Dr. William Fray Vendley was the Secretary General of the World Conference of Religions for Peace (WCRP). He is a member of its World Council and coordinates the activities and projects of WCRP's Inter-religious Councils in 96 countries and in five regions, including the Africa, Asia Europe, Latin America, and the Middle East. He is a member of the Council on Foreign Relations.

Religions for Peace is the world's largest and most representative multi-religious coalition advancing common action among the religious communities to stop war, address poverty, and protect the earth.

Vendley assumed leadership of Religions for Peace International in 1994. He works in situations of armed conflict to mobilize and equip religious communities to build peace.
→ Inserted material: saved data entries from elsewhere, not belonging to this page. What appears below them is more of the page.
(* For any finite symmetric two-player game $(X,\pi)$ with relative payoff function $\Delta$, imitation is subject to a money pump if and only if there exists an imitation cycle.
   Context: A symmetric two-player game $(X,\pi)$ has common action set $X$ and bounded payoff $\pi:X\times X\to\mathbb{R}$ ($\pi(x,y)$ = payoff of the player choosing $x$ against $y$). Relative payoff: $\Delta(x,y)=\pi(x,y)-\pi(y,x)$. Imitate-the-best: given initial $y_0\in X$ and any opponent sequence $(x_t)_{t\ge0}$, $y_t=x_{t-1}$ if $\Delta(x_{t-1},y_{t-1})>0$ and $y_t=y_{t-1}$ otherwise. Imitation is not subject to a money pump if there is $M\in\mathbb{R}_+$ such that for every $y_0\in X$ and every sequence $(x_t)$, $\limsup_{T\to\infty}\sum_{t=0}^T\Delta(x_t,y_t)\le M$; otherwise it is subject to a money pump. A cycle is a finite sequence of profiles $(x_0,y_0),\dots,(x_n,y_n)$ in $X\times X$, not all equal, with $(x_0,y_0)=(x_n,y_n)$. It is an imitation cycle if for all consecutive profiles $(x_t,y_t),(x_{t+1},y_{t+1})$ on it, $\Delta(x_t,y_t)>0$ and $y_{t+1}=x_t$. *)

theory Defs
  imports "HOL-Analysis.Analysis"
begin

definition rel_payoff :: "('a \<Rightarrow> 'a \<Rightarrow> real) \<Rightarrow> 'a \<Rightarrow> 'a \<Rightarrow> real" where
  "rel_payoff \<pi> x y = \<pi> x y - \<pi> y x"

fun imitate :: "('a \<Rightarrow> 'a \<Rightarrow> real) \<Rightarrow> 'a \<Rightarrow> (nat \<Rightarrow> 'a) \<Rightarrow> nat \<Rightarrow> 'a" where
  "imitate \<pi> y0 xs 0 = y0"
| "imitate \<pi> y0 xs (Suc t) =
     (if rel_payoff \<pi> (xs t) (imitate \<pi> y0 xs t) > 0 then xs t else imitate \<pi> y0 xs t)"

definition no_money_pump :: "('a \<Rightarrow> 'a \<Rightarrow> real) \<Rightarrow> bool" where
  "no_money_pump \<pi> \<longleftrightarrow> (\<exists>M::real. M \<ge> 0 \<and> (\<forall>y0 xs.
      limsup (\<lambda>T. ereal (\<Sum>t\<le>T. rel_payoff \<pi> (xs t) (imitate \<pi> y0 xs t))) \<le> ereal M))"

definition money_pump :: "('a \<Rightarrow> 'a \<Rightarrow> real) \<Rightarrow> bool" where
  "money_pump \<pi> \<longleftrightarrow> \<not> no_money_pump \<pi>"

definition is_cycle :: "('a \<times> 'a) list \<Rightarrow> bool" where
  "is_cycle p \<longleftrightarrow> length p \<ge> 2 \<and> hd p = last p \<and> (\<exists>q\<in>set p. q \<noteq> hd p)"

definition imitation_cycle :: "('a \<Rightarrow> 'a \<Rightarrow> real) \<Rightarrow> ('a \<times> 'a) list \<Rightarrow> bool" where
  "imitation_cycle \<pi> p \<longleftrightarrow> is_cycle p \<and>
     (\<forall>t. Suc t < length p \<longrightarrow>
        rel_payoff \<pi> (fst (p ! t)) (snd (p ! t)) > 0 \<and> snd (p ! Suc t) = fst (p ! t))"

end

theory Submission
  imports Defs
begin

text \<open>Along an imitation cycle the imitator can be led around forever, each round earning the
  opponent a fixed positive amount, so the relative payoffs accumulate without bound.
  Conversely, look at the times t at which the imitator is about to switch, i.e.
  \<open>\<Delta>(x\<^sub>t, y\<^sub>t) > 0\<close>. Between two consecutive such times t < s the imitator keeps
  \<open>y\<^sub>s = x\<^sub>t\<close>, so the profiles at switching times form a walk of imitation steps. If a
  profile recurred at two switching times, this walk would close up to an imitation cycle.
  Hence without imitation cycles each of the finitely many profiles is a switching profile at
  most once, and only at switching times can the opponent gain; the total gain is therefore
  bounded by the number of profiles times the largest relative payoff.\<close>

lemma imitate_along_cycle:
  assumes "imitation_cycle \<pi> p"
  defines "n \<equiv> length p - 1"
  shows "imitate \<pi> (snd (p ! 0)) (\<lambda>t. fst (p ! (t mod n))) t = snd (p ! (t mod n))"
proof -
  have n: "length p = Suc n" "n \<noteq> 0" and "hd p = last p"
    using assms unfolding imitation_cycle_def is_cycle_def n_def by auto
  moreover from n have "p \<noteq> []" by auto
  ultimately have closed: "p ! n = p ! 0"
    by (metis diff_Suc_1 hd_conv_nth last_conv_nth)
  have step: "rel_payoff \<pi> (fst (p ! i)) (snd (p ! i)) > 0 \<and> snd (p ! Suc i) = fst (p ! i)"
    if "i < n" for i
    using assms that n(1) unfolding imitation_cycle_def by (metis Suc_mono)
  show ?thesis
  proof (induction t)
    case 0
    show ?case by simp
  next
    case (Suc t)
    have "t mod n < n" using n(2) by simp
    then have "imitate \<pi> (snd (p ! 0)) (\<lambda>t. fst (p ! (t mod n))) (Suc t) = fst (p ! (t mod n))"
      using Suc.IH step by simp
    also have "\<dots> = snd (p ! (Suc t mod n))"
      using step[OF \<open>t mod n < n\<close>] closed by (cases "Suc (t mod n) = n") (simp_all add: mod_Suc)
    finally show ?case .
  qed
qed

lemma limsup_partial_sums_eq_PInfty:
  fixes f :: "nat \<Rightarrow> real"
  assumes "c > 0" "\<And>t. c \<le> f t"
  shows "limsup (\<lambda>T. ereal (\<Sum>t\<le>T. f t)) = \<infinity>"
proof -
  have "filterlim (\<lambda>T. c * real T) at_top sequentially"
    using assms(1) filterlim_real_sequentially
    by (intro filterlim_tendsto_pos_mult_at_top) auto
  moreover have bound: "c * real T \<le> (\<Sum>t\<le>T. f t)" for T
  proof -
    have "c * real T \<le> (\<Sum>t\<le>T. c)"
      using assms(1) by simp
    also have "\<dots> \<le> (\<Sum>t\<le>T. f t)"
      using assms(2) by (rule sum_mono)
    finally show ?thesis .
  qed
  ultimately have "filterlim (\<lambda>T. \<Sum>t\<le>T. f t) at_top sequentially"
    by (auto intro: filterlim_at_top_mono always_eventually)
  then show ?thesis
    by (intro lim_imp_Limsup) (simp_all add: tendsto_PInfty_eq_at_top)
qed

lemma money_pump_if_imitation_cycle:
  assumes cycle: "imitation_cycle \<pi> p"
  shows "money_pump \<pi>"
proof -
  define n where "n = length p - 1"
  define xs where "xs = (\<lambda>t. fst (p ! (t mod n)))"
  define gain where "gain = (\<lambda>i. rel_payoff \<pi> (fst (p ! i)) (snd (p ! i)))"
  define c where "c = Min (gain ` {..<n})"
  have "n \<noteq> 0" "length p = Suc n"
    using cycle unfolding imitation_cycle_def is_cycle_def n_def by auto
  have gain_pos: "gain i > 0" if "i < n" for i
    using cycle that \<open>length p = Suc n\<close> unfolding imitation_cycle_def gain_def by (metis Suc_mono)
  have "c > 0"
    unfolding c_def using \<open>n \<noteq> 0\<close> gain_pos by (subst Min_gr_iff) auto
  moreover have "c \<le> rel_payoff \<pi> (xs t) (imitate \<pi> (snd (p ! 0)) xs t)" for t
  proof -
    have "t mod n < n" using \<open>n \<noteq> 0\<close> by simp
    then have "c \<le> gain (t mod n)"
      unfolding c_def by (intro Min_le) auto
    then show ?thesis
      using imitate_along_cycle[OF cycle] unfolding xs_def gain_def n_def by simp
  qed
  ultimately have pump:
    "limsup (\<lambda>T. ereal (\<Sum>t\<le>T. rel_payoff \<pi> (xs t) (imitate \<pi> (snd (p ! 0)) xs t))) = \<infinity>"
    by (rule limsup_partial_sums_eq_PInfty)
  show ?thesis
    unfolding money_pump_def no_money_pump_def
  proof
    assume "\<exists>M\<ge>0. \<forall>y0 xs.
      limsup (\<lambda>T. ereal (\<Sum>t\<le>T. rel_payoff \<pi> (xs t) (imitate \<pi> y0 xs t))) \<le> ereal M"
    then obtain M where
      "limsup (\<lambda>T. ereal (\<Sum>t\<le>T. rel_payoff \<pi> (xs t) (imitate \<pi> (snd (p ! 0)) xs t))) \<le> ereal M"
      by blast
    with pump show False by simp
  qed
qed

lemma tranclp_imp_chain:
  assumes "R\<^sup>+\<^sup>+ a b"
  obtains p where "length p \<ge> 2" "hd p = a" "last p = b"
    "\<And>i. Suc i < length p \<Longrightarrow> R (p ! i) (p ! Suc i)"
  using assms
proof (induction arbitrary: thesis rule: tranclp_induct)
  case (base b)
  show ?case by (rule base.prems[of "[a, b]"]) (use base.hyps in \<open>auto simp: less_Suc_eq\<close>)
next
  case (step b c)
  obtain p where p: "length p \<ge> 2" "hd p = a" "last p = b"
    and chain: "\<And>i. Suc i < length p \<Longrightarrow> R (p ! i) (p ! Suc i)"
    using step.IH by blast
  have "p \<noteq> []" using p(1) by auto
  have "R ((p @ [c]) ! i) ((p @ [c]) ! Suc i)" if "Suc i < length (p @ [c])" for i
  proof (cases "Suc i < length p")
    case True
    then show ?thesis using chain by (simp add: nth_append)
  next
    case False
    then have "Suc i = length p" using that by simp
    then have "p ! i = b" using p(3) \<open>p \<noteq> []\<close> by (metis diff_Suc_1 last_conv_nth)
    then show ?thesis using \<open>Suc i = length p\<close> step.hyps(2) by (simp add: nth_append)
  qed
  with \<open>p \<noteq> []\<close> show ?case using p by (intro step.prems[of "p @ [c]"]) auto
qed

definition imitation_step :: "('a \<Rightarrow> 'a \<Rightarrow> real) \<Rightarrow> 'a \<times> 'a \<Rightarrow> 'a \<times> 'a \<Rightarrow> bool" where
  "imitation_step \<pi> a b \<longleftrightarrow> rel_payoff \<pi> (fst a) (snd a) > 0 \<and> snd b = fst a"

lemma imitation_cycle_if_tranclp_imitation_step:
  assumes "(imitation_step \<pi>)\<^sup>+\<^sup>+ a a"
  shows "\<exists>p. imitation_cycle \<pi> p"
proof -
  obtain p where p: "length p \<ge> 2" "hd p = a" "last p = a"
    and chain: "\<And>i. Suc i < length p \<Longrightarrow> imitation_step \<pi> (p ! i) (p ! Suc i)"
    using tranclp_imp_chain[OF assms] by blast
  have "p ! 1 \<noteq> p ! 0"
    using chain[of 0] p(1) by (auto simp: imitation_step_def rel_payoff_def)
  moreover have "p \<noteq> []" using p(1) by auto
  then have "p ! 0 = hd p" "p ! 1 \<in> set p" using p(1) by (auto simp: hd_conv_nth)
  ultimately have "is_cycle p" using p unfolding is_cycle_def by metis
  with chain have "imitation_cycle \<pi> p"
    unfolding imitation_cycle_def imitation_step_def by blast
  then show ?thesis by blast
qed

lemma imitate_eq_earlier_switch:
  assumes "rel_payoff \<pi> (xs t) (imitate \<pi> y0 xs t) > 0" "t < s"
  shows "\<exists>u. t \<le> u \<and> u < s \<and> rel_payoff \<pi> (xs u) (imitate \<pi> y0 xs u) > 0 \<and>
           imitate \<pi> y0 xs s = xs u \<and>
           (imitation_step \<pi>)\<^sup>*\<^sup>* (xs t, imitate \<pi> y0 xs t) (xs u, imitate \<pi> y0 xs u)"
proof -
  from \<open>t < s\<close> have "Suc t \<le> s" by simp
  then show ?thesis
  proof (induction s rule: nat_induct_at_least)
    case base
    show ?case using assms(1) by (intro exI[of _ t]) auto
  next
    case (Suc s)
    then obtain u where u: "t \<le> u" "u < s" "rel_payoff \<pi> (xs u) (imitate \<pi> y0 xs u) > 0"
        "imitate \<pi> y0 xs s = xs u"
        "(imitation_step \<pi>)\<^sup>*\<^sup>* (xs t, imitate \<pi> y0 xs t) (xs u, imitate \<pi> y0 xs u)"
      by auto
    show ?case
    proof (cases "rel_payoff \<pi> (xs s) (imitate \<pi> y0 xs s) > 0")
      case True
      then have "imitation_step \<pi> (xs u, imitate \<pi> y0 xs u) (xs s, imitate \<pi> y0 xs s)"
        using u(3,4) by (simp add: imitation_step_def)
      with u True show ?thesis
        by (intro exI[of _ s]) (auto intro: rtranclp.rtrancl_into_rtrancl)
    next
      case False
      with u show ?thesis by (intro exI[of _ u]) auto
    qed
  qed
qed

lemma tranclp_imitation_step_from_switch:
  assumes "rel_payoff \<pi> (xs t) (imitate \<pi> y0 xs t) > 0" "t < s"
  shows "(imitation_step \<pi>)\<^sup>+\<^sup>+ (xs t, imitate \<pi> y0 xs t) (xs s, imitate \<pi> y0 xs s)"
proof -
  obtain u where u: "rel_payoff \<pi> (xs u) (imitate \<pi> y0 xs u) > 0" "imitate \<pi> y0 xs s = xs u"
      "(imitation_step \<pi>)\<^sup>*\<^sup>* (xs t, imitate \<pi> y0 xs t) (xs u, imitate \<pi> y0 xs u)"
    using imitate_eq_earlier_switch[OF assms] by blast
  have "imitation_step \<pi> (xs u, imitate \<pi> y0 xs u) (xs s, imitate \<pi> y0 xs s)"
    using u(1,2) by (simp add: imitation_step_def)
  with u(3) show ?thesis by (rule rtranclp_into_tranclp1)
qed

lemma inj_on_switch_profiles:
  assumes "\<nexists>p. imitation_cycle \<pi> p"
  shows "inj_on (\<lambda>t. (xs t, imitate \<pi> y0 xs t)) {t. rel_payoff \<pi> (xs t) (imitate \<pi> y0 xs t) > 0}"
proof (rule inj_onI, rule ccontr)
  have acyclic: "\<not> (imitation_step \<pi>)\<^sup>+\<^sup>+ a a" for a
    using imitation_cycle_if_tranclp_imitation_step assms by blast
  fix t s
  assume switches: "t \<in> {t. rel_payoff \<pi> (xs t) (imitate \<pi> y0 xs t) > 0}"
    "s \<in> {t. rel_payoff \<pi> (xs t) (imitate \<pi> y0 xs t) > 0}"
    and eq: "(xs t, imitate \<pi> y0 xs t) = (xs s, imitate \<pi> y0 xs s)" and "t \<noteq> s"
  consider
      "(imitation_step \<pi>)\<^sup>+\<^sup>+ (xs t, imitate \<pi> y0 xs t) (xs s, imitate \<pi> y0 xs s)"
    | "(imitation_step \<pi>)\<^sup>+\<^sup>+ (xs s, imitate \<pi> y0 xs s) (xs t, imitate \<pi> y0 xs t)"
    using switches \<open>t \<noteq> s\<close> tranclp_imitation_step_from_switch[of \<pi> xs t y0 s]
      tranclp_imitation_step_from_switch[of \<pi> xs s y0 t]
    by (auto simp: neq_iff)
  then show False
    using acyclic eq by cases auto
qed

lemma sum_le_card_positive_mult_bound:
  fixes f :: "'b \<Rightarrow> real"
  assumes "finite A" "\<And>t. t \<in> A \<Longrightarrow> f t \<le> B"
  shows "sum f A \<le> real (card {t\<in>A. f t > 0}) * B"
proof -
  have "sum f A = sum f {t\<in>A. f t > 0} + sum f {t\<in>A. \<not> f t > 0}"
    using sum.Int_Diff[OF assms(1), of f "{t. f t > 0}"] by (simp add: Int_def set_diff_eq)
  also have "sum f {t\<in>A. \<not> f t > 0} \<le> 0"
    by (rule sum_nonpos) simp
  also have "sum f {t\<in>A. f t > 0} \<le> (\<Sum>t\<in>{t\<in>A. f t > 0}. B)"
    using assms(2) by (intro sum_mono) simp
  finally show ?thesis by simp
qed

lemma no_money_pump_if_no_imitation_cycle:
  fixes \<pi> :: "'a::finite \<Rightarrow> 'a \<Rightarrow> real"
  assumes "\<nexists>p. imitation_cycle \<pi> p"
  shows "no_money_pump \<pi>"
proof -
  define B where "B = Max (range (case_prod (rel_payoff \<pi>)))"
  have B: "rel_payoff \<pi> x y \<le> B" for x y
    unfolding B_def by (rule Max_ge) (auto intro: rev_image_eqI[of "(x, y)"])
  then have "0 \<le> B"
    by (metis diff_self rel_payoff_def)
  define M where "M = real CARD('a \<times> 'a) * B"
  have bounded: "(\<Sum>t\<le>T. rel_payoff \<pi> (xs t) (imitate \<pi> y0 xs t)) \<le> M" for y0 xs T
  proof -
    let ?switches = "{t\<in>{..T}. rel_payoff \<pi> (xs t) (imitate \<pi> y0 xs t) > 0}"
    have "inj_on (\<lambda>t. (xs t, imitate \<pi> y0 xs t)) ?switches"
      using inj_on_switch_profiles[OF assms] by (rule inj_on_subset) auto
    then have "card ?switches = card ((\<lambda>t. (xs t, imitate \<pi> y0 xs t)) ` ?switches)"
      by (rule card_image[symmetric])
    also have "\<dots> \<le> CARD('a \<times> 'a)"
      by (rule card_mono) simp_all
    finally have card: "card ?switches \<le> CARD('a \<times> 'a)" .
    have "(\<Sum>t\<le>T. rel_payoff \<pi> (xs t) (imitate \<pi> y0 xs t)) \<le> real (card ?switches) * B"
      by (rule sum_le_card_positive_mult_bound) (simp_all add: B)
    also have "\<dots> \<le> M"
      unfolding M_def by (rule mult_right_mono[OF of_nat_mono[OF card] \<open>0 \<le> B\<close>])
    finally show ?thesis .
  qed
  show ?thesis
    unfolding no_money_pump_def
  proof (intro exI[of _ M] conjI allI)
    show "0 \<le> M"
      unfolding M_def using \<open>0 \<le> B\<close> by simp
    fix y0 xs
    show "limsup (\<lambda>T. ereal (\<Sum>t\<le>T. rel_payoff \<pi> (xs t) (imitate \<pi> y0 xs t))) \<le> ereal M"
      by (rule Limsup_bounded) (simp add: bounded)
  qed
qed

theorem lemma2:
  fixes \<pi> :: "'a::finite \<Rightarrow> 'a \<Rightarrow> real"
  shows "money_pump \<pi> \<longleftrightarrow> (\<exists>p. imitation_cycle \<pi> p)"
  using money_pump_if_imitation_cycle no_money_pump_if_no_imitation_cycle
  unfolding money_pump_def by blast

end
In Ethiopia, Eritrea, Sierra Leone, Liberia, Indonesia, Sri Lanka, and Iraq and other countries, he has led multi-religious efforts to prevent conflicts, mediate peace among warring parties, and rebuild societies in the aftermath of violence.

Notable among Religions for Peace developments during Vendley's tenure is the Hope for African Children Initiative, which he co-founded with CARE, Save the Children, and Plan International to target the needs of African children orphaned by HIV/AIDS. The initiative resulted in over US$50 million being raised to equip African communities, particularly religious communities, as actors in the fight against AIDS, and included the creative engagement of grassroots congregations in the provision of needed services.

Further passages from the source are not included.